#### [What needs to be done]
Starting at the top of the entries below, set down every line exactly, please, until you reach the line with "using that by", which is included too.

(Stored data)

lemma group_coarse_thin_topology:
  "group_coarse Gset thin_topology =
     {E. \<exists>r. E \<subseteq> {(x, y). x \<in> Gset \<and> y \<in> Gset \<and> weight (x + y) \<le> r}}"
proof (intro equalityI subsetI CollectI)
  fix E assume "E \<in> group_coarse Gset thin_topology"
  then obtain A where A: "precompact_in Gset thin_topology A"
    and E: "E \<subseteq> {(x, y). x \<in> Gset \<and> y \<in> Gset \<and> x \<in> (\<lambda>z. z + y) ` A}"
    unfolding group_coarse_def by blast
  obtain r where r: "\<And>g. g \<in> A \<Longrightarrow> weight g \<le> r"
    using precompact_imp_weight_bounded[OF A] by blast
  have "weight (x + y) \<le> r" if "x \<in> (\<lambda>z. z + y) ` A" for x y
  proof -
    from that obtain a where "x = a + y" "a \<in> A" by (rule imageE)
    then show ?thesis using r by simp
  qed
  with E show "\<exists>r. E \<subseteq> {(x, y). x \<in> Gset \<and> y \<in> Gset \<and> weight (x + y) \<le> r}"
    by blast
next
  fix E assume "E \<in> {E. \<exists>r. E \<subseteq> {(x, y). x \<in> Gset \<and> y \<in> Gset \<and> weight (x + y) \<le> r}}"
  then obtain r where E: "E \<subseteq> {(x, y). x \<in> Gset \<and> y \<in> Gset \<and> weight (x + y) \<le> r}"
    by blast
  have "x \<in> (\<lambda>z. z + y) ` {g \<in> Gset. weight g \<le> r}"
    if "x \<in> Gset" "y \<in> Gset" "weight (x + y) \<le> r" for x y
    using that by (intro image_eqI[of _ _ "x + y"]) (simp_all add: Gset_add)
  with E precompact_weight_ball show "E \<in> group_coarse Gset thin_topology"
    unfolding group_coarse_def by blast
qed
text \<open>Take C1 bumps \<phi>_n with pairwise disjoint supports on one side of x0, shrinking
  to x0, and points p_n with \<phi>_m(p_n) = \<delta>_mn, and let S be their linear span. Evaluation at
  the p_n recovers the coefficients, so S is infinite-dimensional. If \<phi>_n(y) = 0 for all
  n \<ge> M, then G(y) = \<Sum>_{n<M} G(p_n) \<phi>_n(y) for every G in S, and this identity passes to
  uniform limits F. Near each x \<noteq> x0 all but finitely many bumps vanish, so there F agrees
  with a fixed differentiable finite sum. Being continuous and differentiable off x0, F is
  the Kurzweil integral of its derivative by the fundamental theorem of calculus with one
  exceptional point.\<close>

lemma has_real_derivative_pos_part_sq:
  "((\<lambda>v::real. (max 0 v)\<^sup>2) has_real_derivative 2 * max 0 v) (at v)"
proof -
  consider "v < 0" | "v = 0" | "v > 0" by linarith
  then show ?thesis
  proof cases
    case 1
    have "((\<lambda>v::real. 0) has_real_derivative 2 * max 0 v) (at v)" using 1 by simp
    then show ?thesis
      by (rule has_field_derivative_transform_within_open[OF _ open_lessThan[of 0]])
         (use 1 in auto)
  next
    case 2
    have "((\<lambda>h::real. max 0 h) \<longlongrightarrow> 0) (at 0)"
      using tendsto_max[OF tendsto_const tendsto_ident_at, of 0 0 UNIV] by simp
    then have "((\<lambda>h::real. ((max 0 (0 + h))\<^sup>2 - (max 0 0)\<^sup>2) / h) \<longlongrightarrow> 0) (at 0)"
      by (rule Lim_transform_within[where d=1]) (auto simp: power2_eq_square max_def)
    then show ?thesis using 2 by (simp add: DERIV_def)
  next
    case 3
    have "((\<lambda>v::real. v\<^sup>2) has_real_derivative 2 * max 0 v) (at v)"
      using 3 by (auto intro!: derivative_eq_intros)
    then show ?thesis
      by (rule has_field_derivative_transform_within_open[OF _ open_greaterThan[of 0]])
         (use 3 in auto)
  qed
qed

definition bump :: "real \<Rightarrow> real \<Rightarrow> real \<Rightarrow> real" where
  "bump a b t = (max 0 ((t - a) * (b - t)))\<^sup>2"

lemma bump_differentiable: "bump a b differentiable (at t)"
proof -
  have "((\<lambda>t. (max 0 ((t - a) * (b - t)))\<^sup>2) has_real_derivative
          2 * max 0 ((t - a) * (b - t)) * ((b - t) - (t - a))) (at t)"
    by (rule DERIV_chain2[OF has_real_derivative_pos_part_sq]) (auto intro!: derivative_eq_intros)
  then show ?thesis
    unfolding bump_def[abs_def] real_differentiable_def by blast
qed

lemma bump_nonzero_imp_between:
  assumes "a \<le> b" and "bump a b t \<noteq> 0"
  shows "a < t \<and> t < b"
proof -
  have "max 0 y \<noteq> 0 \<Longrightarrow> y > 0" for y :: real
    by (simp add: max_def split: if_splits)
  then have "(t - a) * (b - t) > 0"
    using assms(2) by (simp add: bump_def)
  then show ?thesis
    using assms(1) by (auto simp: zero_less_mult_iff)
qed

lemma bump_pos: "a < t \<Longrightarrow> t < b \<Longrightarrow> bump a b t > 0"
  by (simp add: bump_def max_def)

lemma kurzweil_primitive_01_if_differentiable_off_finite:
  assumes cont: "continuous_on {0..1} F" and "finite K"
    and diff: "\<forall>x\<in>{0..1} - K. F differentiable (at x within {0..1})"
  shows "kurzweil_primitive_01 F"
proof -
  define f where "f y = vector_derivative F (at y)" for y
  have prim: "(f has_integral (F x - F 0)) {0..x}" if x: "x \<in> {0..1}" for x
  proof (rule fundamental_theorem_of_calculus_interior_strong[OF \<open>finite K\<close>])
    show "0 \<le> x" using x by simp
    show "continuous_on {0..x} F"
      using cont by (rule continuous_on_subset) (use x in auto)
    fix y assume y: "y \<in> {0<..<x} - K"
    then have "F differentiable (at y within {0..1})" using diff x by auto
    moreover have "at y within {0..1} = at y" using y x by (intro at_within_Icc_at) auto
    ultimately show "(F has_vector_derivative f y) (at y)"
      unfolding f_def using vector_derivative_works by auto
  qed
  show ?thesis
    unfolding kurzweil_primitive_01_def
  proof (intro exI[of _ f] conjI ballI)
    show "f integrable_on {0..1}" using prim[of 1] by auto
  qed (rule prim)
qed

definition finite_span :: "(nat \<Rightarrow> real \<Rightarrow> real) \<Rightarrow> (real \<Rightarrow> real) set" where
  "finite_span \<phi> = {(\<lambda>x. \<Sum>n<N. c n * \<phi> n x) | N c. True}"

lemma finite_span_memI: "(\<lambda>x. \<Sum>n<N. c n * \<phi> n x) \<in> finite_span \<phi>"
  unfolding finite_span_def by blast

lemma sum_lessThan_pad:
  fixes f :: "nat \<Rightarrow> 'a::comm_monoid_add"
  assumes "N \<le> K"
  shows "(\<Sum>n<N. f n) = (\<Sum>n<K. if n < N then f n else 0)"
proof -
  have "{..<N} = {..<K} \<inter> {n. n < N}" using assms by auto
  then show ?thesis by (simp add: sum.inter_restrict)
qed

lemma sum_coeffs_padded:
  fixes \<phi> :: "nat \<Rightarrow> real \<Rightarrow> real"
  assumes "N \<le> K"
  shows "(\<Sum>n<N. c n * \<phi> n x) = (\<Sum>n<K. (if n < N then c n else 0) * \<phi> n x)"
  by (simp add: sum_lessThan_pad[OF assms] if_distrib[of "\<lambda>z. z * _"] cong: if_cong)
(* For $n,m\in\mathbb{N}$ and $i\in I_{nm}$ one has $h_n(\sigma_{m,n}(i))=\sigma_{m,n}(h_{nm}(i))$.
   Context: $\Gamma_0(N)=\{\begin{pmatrix}a&b\\c&d\end{pmatrix}\in SL(2,\mathbb{Z}):N\mid c\}$. $I_N=\{[x:y]_N:\gcd(x,y,N)=1\}$, $[x:y]_N$ the class of $(x,y)$ under $(x,y)\sim(kx,ky)\bmod N$, $\gcd(k,N)=1$; the right coset $\Gamma_0(N)\begin{pmatrix}a&b\\c&d\end{pmatrix}$ is identified with $[c:d]_N\in I_N$, and $R_i^{N,1}$ denotes a representative of coset $i$. $\sigma_{m,n}:I_{nm}\to I_n$ is the projection $[x:y]_{nm}\mapsto[x:y]_n$ (induced by $\Gamma_0(nm)g\mapsto\Gamma_0(n)g$). For $i\in I_N$, $A_i=\begin{pmatrix}c&b\\0&N/c\end{pmatrix}$ where $(c,b)$ (with $c\ge1$, $c\mid N$, $0\le b\le N/c-1$, $\gcd(c,b,N/c)=1$) is the pair mapped to $i$ by $(c,b)\mapsto[c:d_N(c,b)]_N$, $d_N(c,b)=\min_{0\le k\le c-1}\{c+b+kN/c:\gcd(c,b+kN/c)=1\}$ (a bijection). $h_N:I_N\to I_N$ sends $i$ to the unique $l\in I_N$ with $\begin{pmatrix}0&1\\-N&0\end{pmatrix}R_i^{N,1}\in SL(2,\mathbb{Z})A_l$. *)

theory Defs
  imports Main
begin

text \<open>2x2 integer matrices  M2 a b c d  =  (a b; c d).\<close>
datatype mat2 = M2 int int int int

fun mmul :: "mat2 \<Rightarrow> mat2 \<Rightarrow> mat2" where
  "mmul (M2 a b c d) (M2 a' b' c' d') =
     M2 (a*a' + b*c') (a*b' + b*d') (c*a' + d*c') (c*b' + d*d')"

definition SL2 :: "mat2 set" where
  "SL2 = {M2 a b c d | a b c d. a*d - b*c = 1}"

text \<open>The class [x:y]_N: all (kx mod N, ky mod N) with gcd(k,N)=1.\<close>
definition pclass :: "nat \<Rightarrow> int \<Rightarrow> int \<Rightarrow> (int \<times> int) set" where
  "pclass N x y = {((k*x) mod int N, (k*y) mod int N) | k. coprime k (int N)}"

definition I_set :: "nat \<Rightarrow> (int \<times> int) set set" where
  "I_set N = {pclass N x y | x y. gcd (gcd x y) (int N) = 1}"

text \<open>sigma_{m,n} : I_{nm} \<rightarrow> I_n, [x:y]_{nm} \<mapsto> [x:y]_n.\<close>
definition sigma :: "nat \<Rightarrow> nat \<Rightarrow> (int \<times> int) set \<Rightarrow> (int \<times> int) set" where
  "sigma m n i = (THE j. \<exists>x y. i = pclass (n*m) x y \<and> j = pclass n x y)"
(* Consider the Gaussian mean estimation problem described in the context, with any $n\ge1$. Then both quantities $$\mathbb E\Big[\Psi^{*-1}_{\tilde E|Z^\pm_{[n]}}\big(I_{Z^\pm_{[n]}}(W;R_{[n]})\big)\Big]\quad\text{and}\quad \frac1n\sum_{i=1}^n\mathbb E\Big[\Psi^{*-1}_{\tilde E_i|Z^\pm_{[n]}}\big(I_{Z^\pm_{[n]}}(W;R_i)\big)\Big]$$ are at least $\dfrac{\sigma^2}{\pi\sqrt{\log_2 e}}$.
   Context: Gaussian mean estimation: data space $\mathcal Z=\mathbb R$, $\xi=N(\mu,\sigma^2)$ for some $\mu\in\mathbb R$, $\sigma>0$; parameter space $\mathcal W=\mathbb R$; loss $\ell(w,z)=(w-z)^2$; the algorithm deterministically outputs the average of its $n$ training samples. Supersample construction: $Z_i^-,Z_i^+$ ($i=1,\dots,n$) are $2n$ i.i.d. samples from $\xi$, $Z_i^\pm=(Z_i^-,Z_i^+)$, $Z^\pm_{[n]}=(Z_1^\pm,\dots,Z_n^\pm)$; $R_{[n]}=(R_1,\dots,R_n)$ i.i.d. uniform on $\{-1,1\}$ independent of the samples; $W=\frac1n\sum_{i=1}^n Z_i^{R_i}$ with $Z_i^{1}=Z_i^+$, $Z_i^{-1}=Z_i^-$. Let $(\tilde R_{[n]},\tilde W)$ be a decoupled pair of $(R_{[n]},W)$ conditioned on $Z^\pm_{[n]}$, i.e. jointly defined with $Z^\pm_{[n]}$ so that $(\tilde R_{[n]},Z^\pm_{[n]})\overset{D}{=}(R_{[n]},Z^\pm_{[n]})$, $(\tilde W,Z^\pm_{[n]})\overset{D}{=}(W,Z^\pm_{[n]})$, and $\tilde R_{[n]}-Z^\pm_{[n]}-\tilde W$ is a Markov chain. Define $\tilde E_i=\tilde R_i(\ell(\tilde W,Z_i^-)-\ell(\tilde W,Z_i^+))$ and $\tilde E=\frac1n\sum_{i=1}^n\tilde E_i$. $I_{U}(X;Y)$ denotes $I(X;Y\mid U=u)$ evaluated at $u=U$; mutual information in nats. For random variables $F,U$: $\psi_{F|U}(\lambda,u)=\ln\mathbb E[e^{\lambda(F-\mathbb E[F|U=u])}\mid U=u]$, $\psi^{*-1}_{F|U}(\eta,u)=\inf_{\lambda>0}\frac{\eta+\psi_{F|U}(\lambda,u)}{\lambda}$, and $\Psi^{*-1}_{F|U}(\eta)=\psi^{*-1}_{F|U}(\eta,U)$. *)

theory Defs
  imports "HOL-Probability.Probability"
begin

text \<open>Gaussian mean estimation with the supersample construction.
  Indices run over 1..n. A supersample is z :: nat => real * real with
  z i = (Z_i^-, Z_i^+). Selector r_i in {-1,1}.\<close>

definition loss :: "real \<Rightarrow> real \<Rightarrow> real" where
  "loss w x = (w - x)^2"

definition sel :: "real \<times> real \<Rightarrow> real \<Rightarrow> real" where
  "sel p r = (if r = 1 then snd p else fst p)"

definition Rdist :: "nat \<Rightarrow> (nat \<Rightarrow> real) pmf" where
  "Rdist n = pmf_of_set (PiE {1..n} (\<lambda>_. {-1, 1}))"

definition Wout :: "nat \<Rightarrow> (nat \<Rightarrow> real \<times> real) \<Rightarrow> (nat \<Rightarrow> real) \<Rightarrow> real" where
  "Wout n z r = (\<Sum>i=1..n. sel (z i) (r i)) / real n"

definition Wdist :: "nat \<Rightarrow> (nat \<Rightarrow> real \<times> real) \<Rightarrow> real pmf" where
  "Wdist n z = map_pmf (Wout n z) (Rdist n)"

text \<open>Conditional joint law of the decoupled pair (R~, W~) given Z^pm = z:
  by the Markov chain condition they are conditionally independent with the
  conditional marginals of R and W.\<close>
definition decoupled :: "nat \<Rightarrow> (nat \<Rightarrow> real \<times> real) \<Rightarrow> ((nat \<Rightarrow> real) \<times> real) pmf" where
  "decoupled n z = pair_pmf (Rdist n) (Wdist n z)"

definition Etil_i :: "(nat \<Rightarrow> real \<times> real) \<Rightarrow> nat \<Rightarrow> (nat \<Rightarrow> real) \<Rightarrow> real \<Rightarrow> real" where
  "Etil_i z i r w = r i * (loss w (fst (z i)) - loss w (snd (z i)))"

definition Etil :: "nat \<Rightarrow> (nat \<Rightarrow> real \<times> real) \<Rightarrow> (nat \<Rightarrow> real) \<Rightarrow> real \<Rightarrow> real" where
  "Etil n z r w = (\<Sum>i=1..n. Etil_i z i r w) / real n"

text \<open>Mutual information (nats) of a discrete joint law.\<close>
definition mutual_info_pmf :: "('a \<times> 'b) pmf \<Rightarrow> real" where
  "mutual_info_pmf p = measure_pmf.expectation p
     (\<lambda>(x, y). ln (pmf p (x, y) / (pmf (map_pmf fst p) x * pmf (map_pmf snd p) y)))"

text \<open>Conditional cumulant generating function psi_{F|U}(l,u), where F is the
  conditional law of F given U = u.\<close>
definition cgf :: "real pmf \<Rightarrow> real \<Rightarrow> real" where
  "cgf F l = ln (measure_pmf.expectation F
      (\<lambda>x. exp (l * (x - measure_pmf.expectation F (\<lambda>y. y)))))"

definition cgf_star_inv :: "real pmf \<Rightarrow> real \<Rightarrow> real" where
  "cgf_star_inv F \<eta> = (INF l\<in>{0<..}. (\<eta> + cgf F l) / l)"

definition gauss :: "real \<Rightarrow> real \<Rightarrow> real measure" where
  "gauss \<mu> \<sigma> = density lborel (normal_density \<mu> \<sigma>)"

definition supersample :: "nat \<Rightarrow> real \<Rightarrow> real \<Rightarrow> (nat \<Rightarrow> real \<times> real) measure" where
  "supersample n \<mu> \<sigma> = PiM {1..n} (\<lambda>_. gauss \<mu> \<sigma> \<Otimes>\<^sub>M gauss \<mu> \<sigma>)"

end

theory Submission
  imports Defs
begin

text \<open>
  Fix the supersample \<open>z\<close> and write \<open>X\<^sub>i(w) = loss(w, Z\<^sub>i\<^sup>-) - loss(w, Z\<^sub>i\<^sup>+)
  = (Z\<^sub>i\<^sup>+ - Z\<^sub>i\<^sup>-) (2 w - Z\<^sub>i\<^sup>- - Z\<^sub>i\<^sup>+)\<close>. The decoupled \<open>R\<close> is a uniform sign vector
  independent of \<open>W\<close>, so \<open>E\<close> has mean zero, and for every value \<open>w\<close> of \<open>W\<close> one sign vector
  turns every summand \<open>r\<^sub>i X\<^sub>i(w)\<close> into \<open>\<bar>X\<^sub>i(w)\<bar>\<close>. Hence, by Jensen in \<open>W\<close>,
  \<open>\<psi>(\<lambda>) \<ge> \<lambda> G - n ln 2\<close> for the full gap and \<open>\<psi>\<^sub>i(\<lambda>) \<ge> \<lambda> G\<^sub>i - ln 2\<close> for the
  single ones, where \<open>G\<^sub>i = E\<^sub>R \<bar>X\<^sub>i(W)\<bar>\<close> and \<open>G\<close> is their average. Almost surely the \<open>2\<^sup>n\<close>
  possible outputs are distinct, so \<open>W\<close> determines \<open>R\<close> and the mutual informations are exactly
  \<open>n ln 2\<close> and \<open>ln 2\<close>: they cancel these constants in \<open>\<psi>\<^sup>*\<^sup>-\<^sup>1\<close>, which is therefore at least
  \<open>G\<close>, resp. \<open>G\<^sub>i\<close>. Finally \<open>G\<^sub>i \<ge> \<bar>X\<^sub>i(E\<^sub>R W)\<bar>\<close>, whose expectation over the Gaussian
  supersample is at least \<open>(1 - 1/n) (2 - 4/\<pi>) \<sigma>\<^sup>2\<close> for \<open>n \<ge> 2\<close>; for \<open>n = 1\<close>,
  \<open>G\<^sub>1 = (Z\<^sub>1\<^sup>+ - Z\<^sub>1\<^sup>-)\<^sup>2\<close> has expectation \<open>2 \<sigma>\<^sup>2\<close>. Both exceed \<open>\<sigma>\<^sup>2/\<pi>\<close>.
\<close>

lemma exp_mean_le_mean_exp:
  assumes "finite S" "S \<noteq> {}"
  shows "exp ((\<Sum>x\<in>S. f x) / card S) \<le> (\<Sum>x\<in>S. exp (f x)) / card S"
  using convex_on_sum[OF assms exp_convex, of "\<lambda>_. 1 / card S" f] assms
  by (simp add: sum_divide_distrib)
(* Let $(p_\lambda(\mathbf y))_{\lambda\in\mathcal P}$ be a full sequence of symmetric functions. Then $(p_\lambda)$ is of binomial type if and only if there exists a quasi-genus $G$ such that $(p_\lambda)$ is associated with $G$.
   Context: **Partitions and the order.** $\mathcal P$ is the set of integer partitions. Partitions of $n$ are totally ordered by Macdonald's reverse lexicographic order: $\lambda>\mu$ iff the first nonzero difference $\lambda_i-\mu_i$ is positive. **Full sequence.** A nonzero homogeneous symmetric function $p$ of degree $n$, written $p=\sum_\lambda c_\lambda m_\lambda$ in monomial symmetric functions, has exact degree equal to the largest $\lambda\vdash n$ with $c_\lambda\ne0$. A full sequence is a family $(p_\lambda(\mathbf y))_{\lambda\in\mathcal P}$ of homogeneous symmetric functions in $\mathbf y=(y_1,y_2,\dots)$ with each $p_\lambda$ of exact degree $\lambda$. **Vector conventions.** For a vector $\alpha$ of nonnegative integers with finite support, $p_\alpha$ (resp. $G_\alpha$) denotes the value at the partition obtained by sorting $\alpha$ into weakly decreasing order. For vectors we write $\alpha!=\prod_i\alpha_i!$ and $|\alpha|=\sum_i\alpha_i$, and $\binom{\lambda}{\alpha}=\frac{\lambda!}{\alpha!(\lambda-\alpha)!}$ for $0\le\alpha\le\lambda$ componentwise. **Binomial type.** $(p_\lambda)$ is of binomial type if, for disjoint variable sets $\mathbf y,\mathbf z$ and every $\lambda$, $$p_\lambda(\mathbf y\cup\mathbf z)=\sum_{\alpha}\binom{\lambda}{\alpha}p_\alpha(\mathbf y)\,p_{\lambda-\alpha}(\mathbf z),$$ where $\alpha$ ranges over vectors with $0\le\alpha\le\lambda$ (viewing $\lambda=(\lambda_1,\dots,\lambda_{\ell(\lambda)})$). **Quasi-genus.** A quasi-genus is an assignment of a complex number $G_\lambda$ to each partition $\lambda$ (equivalently a functor from set partitions under relabeling to $\mathbb C$, depending only on block type), with $G_\emptyset=1$. **Association.** $(p_\lambda)$ is associated with $G$ (i.e. it enumerates $G$-enriched functions from a set partitioned by type $\lambda$ to $\{y_1,y_2,\dots\}$) if for every $\lambda$ $$p_\lambda(\mathbf y)=\sum\frac{\lambda!}{\prod_j\alpha^{(j)}!}\prod_{j\ge1}G_{\alpha^{(j)}}\,y_j^{|\alpha^{(j)}|}.$$ The sum is over families $(\alpha^{(j)})_{j\ge1}$ of vectors in $\mathbb Z_{\ge0}^{\ell(\lambda)}$, all but finitely many zero, with $\sum_j\alpha^{(j)}=\lambda$. *)

theory Defs
  imports Complex_Main
begin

#### [Exercise solution]
lemma group_coarse_thin_topology:
  "group_coarse Gset thin_topology =
     {E. \<exists>r. E \<subseteq> {(x, y). x \<in> Gset \<and> y \<in> Gset \<and> weight (x + y) \<le> r}}"
proof (intro equalityI subsetI CollectI)
  fix E assume "E \<in> group_coarse Gset thin_topology"
  then obtain A where A: "precompact_in Gset thin_topology A"
    and E: "E \<subseteq> {(x, y). x \<in> Gset \<and> y \<in> Gset \<and> x \<in> (\<lambda>z. z + y) ` A}"
    unfolding group_coarse_def by blast
  obtain r where r: "\<And>g. g \<in> A \<Longrightarrow> weight g \<le> r"
    using precompact_imp_weight_bounded[OF A] by blast
  have "weight (x + y) \<le> r" if "x \<in> (\<lambda>z. z + y) ` A" for x y
  proof -
    from that obtain a where "x = a + y" "a \<in> A" by (rule imageE)
    then show ?thesis using r by simp
  qed
  with E show "\<exists>r. E \<subseteq> {(x, y). x \<in> Gset \<and> y \<in> Gset \<and> weight (x + y) \<le> r}"
    by blast
next
  fix E assume "E \<in> {E. \<exists>r. E \<subseteq> {(x, y). x \<in> Gset \<and> y \<in> Gset \<and> weight (x + y) \<le> r}}"
  then obtain r where E: "E \<subseteq> {(x, y). x \<in> Gset \<and> y \<in> Gset \<and> weight (x + y) \<le> r}"
    by blast
  have "x \<in> (\<lambda>z. z + y) ` {g \<in> Gset. weight g \<le> r}"
    if "x \<in> Gset" "y \<in> Gset" "weight (x + y) \<le> r" for x y
    using that by (intro image_eqI[of _ _ "x + y"]) (simp_all add: Gset_add)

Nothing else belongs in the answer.